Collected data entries
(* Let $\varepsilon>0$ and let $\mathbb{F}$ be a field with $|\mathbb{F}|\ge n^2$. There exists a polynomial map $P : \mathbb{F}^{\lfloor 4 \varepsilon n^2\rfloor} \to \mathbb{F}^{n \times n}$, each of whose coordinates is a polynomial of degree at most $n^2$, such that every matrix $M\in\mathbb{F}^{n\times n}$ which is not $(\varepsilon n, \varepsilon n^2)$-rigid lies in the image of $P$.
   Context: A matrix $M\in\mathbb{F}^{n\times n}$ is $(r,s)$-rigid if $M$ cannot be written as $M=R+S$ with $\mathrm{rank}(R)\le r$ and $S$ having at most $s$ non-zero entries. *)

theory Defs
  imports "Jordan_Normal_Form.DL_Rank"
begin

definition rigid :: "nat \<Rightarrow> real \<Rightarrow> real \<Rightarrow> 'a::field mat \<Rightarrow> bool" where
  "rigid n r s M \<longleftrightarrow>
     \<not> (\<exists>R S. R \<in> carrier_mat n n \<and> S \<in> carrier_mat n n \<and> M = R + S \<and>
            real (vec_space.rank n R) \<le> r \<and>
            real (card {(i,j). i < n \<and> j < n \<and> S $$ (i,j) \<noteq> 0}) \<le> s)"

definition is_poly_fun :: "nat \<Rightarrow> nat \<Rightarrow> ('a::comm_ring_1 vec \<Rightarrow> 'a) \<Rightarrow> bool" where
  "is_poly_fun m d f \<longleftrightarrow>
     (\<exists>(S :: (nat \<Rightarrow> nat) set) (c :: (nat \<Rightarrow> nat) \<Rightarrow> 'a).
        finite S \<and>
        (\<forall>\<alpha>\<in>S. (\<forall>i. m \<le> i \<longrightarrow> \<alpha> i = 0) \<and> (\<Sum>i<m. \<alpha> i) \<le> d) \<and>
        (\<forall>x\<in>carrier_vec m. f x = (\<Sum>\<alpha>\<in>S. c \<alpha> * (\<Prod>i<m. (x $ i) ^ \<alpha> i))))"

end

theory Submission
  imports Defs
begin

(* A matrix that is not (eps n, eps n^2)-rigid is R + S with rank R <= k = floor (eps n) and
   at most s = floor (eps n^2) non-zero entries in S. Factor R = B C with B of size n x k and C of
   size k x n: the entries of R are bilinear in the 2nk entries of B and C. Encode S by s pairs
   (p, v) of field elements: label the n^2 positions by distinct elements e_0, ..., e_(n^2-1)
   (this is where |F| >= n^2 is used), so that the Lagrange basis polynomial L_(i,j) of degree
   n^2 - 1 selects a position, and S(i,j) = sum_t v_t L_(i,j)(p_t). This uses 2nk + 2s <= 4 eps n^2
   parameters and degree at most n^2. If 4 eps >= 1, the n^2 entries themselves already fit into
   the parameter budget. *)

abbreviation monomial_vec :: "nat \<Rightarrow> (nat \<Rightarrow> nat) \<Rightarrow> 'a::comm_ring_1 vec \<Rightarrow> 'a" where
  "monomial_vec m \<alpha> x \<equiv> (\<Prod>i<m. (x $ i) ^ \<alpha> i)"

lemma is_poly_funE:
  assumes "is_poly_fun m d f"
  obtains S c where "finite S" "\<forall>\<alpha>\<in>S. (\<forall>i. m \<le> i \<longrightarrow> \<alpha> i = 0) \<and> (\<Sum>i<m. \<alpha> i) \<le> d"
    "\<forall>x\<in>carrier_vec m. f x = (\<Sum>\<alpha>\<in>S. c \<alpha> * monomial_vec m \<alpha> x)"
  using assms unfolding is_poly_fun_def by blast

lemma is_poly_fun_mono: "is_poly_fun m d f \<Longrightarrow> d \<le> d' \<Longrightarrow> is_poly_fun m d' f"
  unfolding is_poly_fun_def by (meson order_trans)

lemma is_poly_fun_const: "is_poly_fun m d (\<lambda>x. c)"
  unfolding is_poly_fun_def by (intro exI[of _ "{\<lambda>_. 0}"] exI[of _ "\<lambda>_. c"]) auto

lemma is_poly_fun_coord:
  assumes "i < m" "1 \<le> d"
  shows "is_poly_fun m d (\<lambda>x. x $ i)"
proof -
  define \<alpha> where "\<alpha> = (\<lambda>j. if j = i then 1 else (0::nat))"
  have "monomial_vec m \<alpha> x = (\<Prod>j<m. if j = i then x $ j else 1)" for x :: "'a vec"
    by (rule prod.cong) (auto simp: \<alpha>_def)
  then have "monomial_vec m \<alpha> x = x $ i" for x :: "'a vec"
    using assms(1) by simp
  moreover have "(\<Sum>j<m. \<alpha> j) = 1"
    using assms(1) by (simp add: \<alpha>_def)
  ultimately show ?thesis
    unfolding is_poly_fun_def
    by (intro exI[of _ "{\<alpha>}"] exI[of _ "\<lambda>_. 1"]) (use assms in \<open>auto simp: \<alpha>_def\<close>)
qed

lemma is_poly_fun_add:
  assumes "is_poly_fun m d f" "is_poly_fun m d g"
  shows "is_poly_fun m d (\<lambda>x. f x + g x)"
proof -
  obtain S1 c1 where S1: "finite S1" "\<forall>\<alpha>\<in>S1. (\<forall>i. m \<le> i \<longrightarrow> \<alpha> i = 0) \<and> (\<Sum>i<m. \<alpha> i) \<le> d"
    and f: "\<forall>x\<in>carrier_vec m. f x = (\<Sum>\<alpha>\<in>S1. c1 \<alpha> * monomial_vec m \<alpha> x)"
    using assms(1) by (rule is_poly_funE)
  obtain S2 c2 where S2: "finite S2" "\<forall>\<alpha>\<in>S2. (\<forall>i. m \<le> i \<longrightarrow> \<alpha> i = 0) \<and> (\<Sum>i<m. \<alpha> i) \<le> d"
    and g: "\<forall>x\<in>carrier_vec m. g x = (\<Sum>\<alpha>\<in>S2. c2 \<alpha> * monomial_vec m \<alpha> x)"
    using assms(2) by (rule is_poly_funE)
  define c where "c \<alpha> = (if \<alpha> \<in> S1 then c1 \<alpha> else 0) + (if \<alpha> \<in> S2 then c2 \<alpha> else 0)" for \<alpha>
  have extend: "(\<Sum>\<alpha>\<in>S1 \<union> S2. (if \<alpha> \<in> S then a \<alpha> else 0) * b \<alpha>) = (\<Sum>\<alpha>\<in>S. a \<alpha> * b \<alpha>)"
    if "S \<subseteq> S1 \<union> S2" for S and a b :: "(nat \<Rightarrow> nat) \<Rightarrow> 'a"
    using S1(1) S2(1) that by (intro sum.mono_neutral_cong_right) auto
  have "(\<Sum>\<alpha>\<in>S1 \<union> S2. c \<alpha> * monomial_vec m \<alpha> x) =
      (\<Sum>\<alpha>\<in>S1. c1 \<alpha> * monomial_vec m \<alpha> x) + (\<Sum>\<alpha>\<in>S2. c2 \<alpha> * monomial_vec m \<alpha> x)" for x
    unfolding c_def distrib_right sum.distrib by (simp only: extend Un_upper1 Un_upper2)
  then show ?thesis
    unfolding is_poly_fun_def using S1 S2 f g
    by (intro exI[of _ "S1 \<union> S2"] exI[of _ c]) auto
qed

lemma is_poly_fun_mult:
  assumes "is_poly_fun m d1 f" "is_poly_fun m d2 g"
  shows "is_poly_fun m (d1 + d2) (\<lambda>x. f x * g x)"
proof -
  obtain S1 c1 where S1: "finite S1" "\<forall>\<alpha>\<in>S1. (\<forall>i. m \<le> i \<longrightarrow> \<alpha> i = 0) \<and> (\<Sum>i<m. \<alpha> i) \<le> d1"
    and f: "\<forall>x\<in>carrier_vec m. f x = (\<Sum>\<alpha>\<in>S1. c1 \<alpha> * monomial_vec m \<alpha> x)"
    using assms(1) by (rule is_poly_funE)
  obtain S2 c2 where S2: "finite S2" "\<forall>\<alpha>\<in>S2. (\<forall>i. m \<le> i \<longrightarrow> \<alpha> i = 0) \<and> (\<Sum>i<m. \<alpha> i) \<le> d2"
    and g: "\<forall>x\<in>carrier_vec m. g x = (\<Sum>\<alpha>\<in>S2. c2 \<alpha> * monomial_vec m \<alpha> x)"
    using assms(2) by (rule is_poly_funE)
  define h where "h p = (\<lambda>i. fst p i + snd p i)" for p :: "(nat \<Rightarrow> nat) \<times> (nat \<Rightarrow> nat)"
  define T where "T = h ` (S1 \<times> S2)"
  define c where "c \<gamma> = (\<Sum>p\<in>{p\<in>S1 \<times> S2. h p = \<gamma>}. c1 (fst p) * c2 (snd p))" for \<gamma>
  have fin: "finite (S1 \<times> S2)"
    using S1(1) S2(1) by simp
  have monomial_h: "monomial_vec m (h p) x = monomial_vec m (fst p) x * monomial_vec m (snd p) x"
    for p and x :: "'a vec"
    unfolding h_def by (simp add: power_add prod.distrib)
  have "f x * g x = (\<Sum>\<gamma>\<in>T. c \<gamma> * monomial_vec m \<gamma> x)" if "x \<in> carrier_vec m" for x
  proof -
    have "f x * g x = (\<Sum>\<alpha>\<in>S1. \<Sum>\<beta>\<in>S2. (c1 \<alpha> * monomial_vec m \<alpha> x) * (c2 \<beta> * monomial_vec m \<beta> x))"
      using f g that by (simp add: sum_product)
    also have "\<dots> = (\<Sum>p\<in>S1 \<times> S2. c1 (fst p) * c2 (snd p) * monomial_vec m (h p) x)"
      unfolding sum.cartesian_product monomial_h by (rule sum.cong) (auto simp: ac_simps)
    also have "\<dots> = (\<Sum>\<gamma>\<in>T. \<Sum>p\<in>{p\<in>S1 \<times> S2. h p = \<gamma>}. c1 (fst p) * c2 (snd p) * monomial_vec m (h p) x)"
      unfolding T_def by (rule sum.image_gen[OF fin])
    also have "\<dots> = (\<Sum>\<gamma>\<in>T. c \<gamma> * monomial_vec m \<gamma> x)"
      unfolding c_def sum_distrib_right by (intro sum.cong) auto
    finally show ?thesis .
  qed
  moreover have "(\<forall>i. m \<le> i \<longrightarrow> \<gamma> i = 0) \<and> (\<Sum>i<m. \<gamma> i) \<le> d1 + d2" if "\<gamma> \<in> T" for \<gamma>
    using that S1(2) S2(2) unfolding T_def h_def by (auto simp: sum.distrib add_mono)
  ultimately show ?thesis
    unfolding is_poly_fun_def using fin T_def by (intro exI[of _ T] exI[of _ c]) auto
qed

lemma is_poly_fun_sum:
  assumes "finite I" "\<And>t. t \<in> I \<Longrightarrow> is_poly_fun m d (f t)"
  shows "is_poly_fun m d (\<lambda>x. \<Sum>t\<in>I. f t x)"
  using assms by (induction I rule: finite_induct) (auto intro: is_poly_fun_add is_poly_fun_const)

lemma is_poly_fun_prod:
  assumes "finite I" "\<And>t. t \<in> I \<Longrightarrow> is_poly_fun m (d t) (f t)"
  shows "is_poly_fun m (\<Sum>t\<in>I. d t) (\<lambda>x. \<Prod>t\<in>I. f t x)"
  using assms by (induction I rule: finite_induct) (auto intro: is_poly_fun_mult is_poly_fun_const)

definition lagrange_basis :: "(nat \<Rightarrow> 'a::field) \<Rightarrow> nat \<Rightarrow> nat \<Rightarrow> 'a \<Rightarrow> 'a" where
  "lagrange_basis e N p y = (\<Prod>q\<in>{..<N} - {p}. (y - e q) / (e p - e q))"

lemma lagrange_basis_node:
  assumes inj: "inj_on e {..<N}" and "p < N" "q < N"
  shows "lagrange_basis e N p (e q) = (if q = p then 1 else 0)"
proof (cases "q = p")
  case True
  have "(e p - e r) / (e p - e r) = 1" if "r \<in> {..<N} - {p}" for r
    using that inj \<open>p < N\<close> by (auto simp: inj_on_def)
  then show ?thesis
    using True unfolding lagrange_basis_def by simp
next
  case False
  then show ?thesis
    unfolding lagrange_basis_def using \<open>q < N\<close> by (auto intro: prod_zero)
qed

ACTIVITY = From the data above, copy each line where the string "real" appears.

SOLVED PROBLEM =
definition rigid :: "nat \<Rightarrow> real \<Rightarrow> real \<Rightarrow> 'a::field mat \<Rightarrow> bool" where
            real (vec_space.rank n R) \<le> r \<and>
            real (card {(i,j). i < n \<and> j < n \<and> S $$ (i,j) \<noteq> 0}) \<le> s)"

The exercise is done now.